TASK TO COMPLETE:
What lines of the data include the string "fixes"? Copy them all.

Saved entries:
lemma power2_norm_diff_scaleR_le:
  fixes d v :: "'a::real_inner"
  assumes "\<mu> * (norm d)\<^sup>2 \<le> d \<bullet> v" and "norm v \<le> K * norm d" and "0 \<le> t"
  shows "(norm (d - t *\<^sub>R v))\<^sup>2 \<le> (1 - 2 * t * \<mu> + t\<^sup>2 * K\<^sup>2) * (norm d)\<^sup>2"
proof -
  have "(norm (d - t *\<^sub>R v))\<^sup>2 = (norm d)\<^sup>2 - 2 * t * (d \<bullet> v) + t\<^sup>2 * (norm v)\<^sup>2"
    by (rule power2_norm_diff_scaleR)
  moreover have "t\<^sup>2 * (norm v)\<^sup>2 \<le> t\<^sup>2 * (K * norm d)\<^sup>2"
    using assms(2) by (intro mult_left_mono power_mono) auto
  moreover have "2 * t * (\<mu> * (norm d)\<^sup>2) \<le> 2 * t * (d \<bullet> v)"
    using assms(1,3) by (intro mult_left_mono) auto
  ultimately show ?thesis
    by (simp add: algebra_simps)
qed

lemma sum_gradients_eq_0_at_minimum:
  fixes g :: "'i \<Rightarrow> 'a::real_inner"
  assumes "\<And>i. i \<in> I \<Longrightarrow> (f i has_derivative (\<lambda>h. g i \<bullet> h)) (at x)"
    and "\<And>y. (\<Sum>i\<in>I. f i x) \<le> (\<Sum>i\<in>I. f i y)"
  shows "(\<Sum>i\<in>I. g i) = 0"
proof -
  have "((\<lambda>y. \<Sum>i\<in>I. f i y) has_derivative (\<lambda>h. (\<Sum>i\<in>I. g i) \<bullet> h)) (at x)"
    using has_derivative_sum[of I f "\<lambda>i h. g i \<bullet> h"] assms(1) by (simp add: inner_sum_left)
  then have "(\<lambda>h. (\<Sum>i\<in>I. g i) \<bullet> h) = (\<lambda>h. 0)"
    by (rule has_derivative_local_min) (simp add: assms(2) always_eventually)
  then show ?thesis
    by (metis inner_eq_zero_iff)
qed
lemma measure_abs_max2_negate_first:
  assumes "2 \<le> n"
  shows "measure M {\<omega> \<in> space M. \<bar>max (negate_first X 1 \<omega>) (negate_first X 2 \<omega>)\<bar> \<le> x}
       = measure M {\<omega> \<in> space M. \<bar>negate_first X 1 \<omega>\<bar> \<le> x}"
proof (cases "0 \<le> x")
  case False
  then have empty: "{\<omega> \<in> space M. \<bar>max (negate_first X 1 \<omega>) (negate_first X 2 \<omega>)\<bar> \<le> x} = {}"
    "{\<omega> \<in> space M. \<bar>negate_first X 1 \<omega>\<bar> \<le> x} = {}"
    by auto
  show ?thesis
    unfolding empty ..
next
  case True
  have low_high: "{\<omega> \<in> space M. - x \<le> X 1 \<omega> \<and> (\<forall>i\<in>{2..1}. X i \<omega> < - x) \<and> x < X (Suc 1) \<omega>}
      = {\<omega> \<in> space M. max_upto (negate_first X) 1 \<omega> \<le> x \<and> x < negate_first X (Suc 1) \<omega>}"
    unfolding max_upto_1 by (auto simp: negate_first_def)
  have "Suc 1 \<le> n"
    using assms by simp
  from measure_abs_max_upto_negate_first_Suc[OF order_refl this True, unfolded low_high]
  have "measure M {\<omega> \<in> space M. \<bar>max_upto (negate_first X) (Suc 1) \<omega>\<bar> \<le> x}
      = measure M {\<omega> \<in> space M. \<bar>max_upto (negate_first X) 1 \<omega>\<bar> \<le> x}"
    by linarith
  then show ?thesis
    unfolding Suc_1 max_upto_2 max_upto_1 .
qed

WRITTEN SOLUTION:
  fixes d v :: "'a::real_inner"
  fixes g :: "'i \<Rightarrow> 'a::real_inner"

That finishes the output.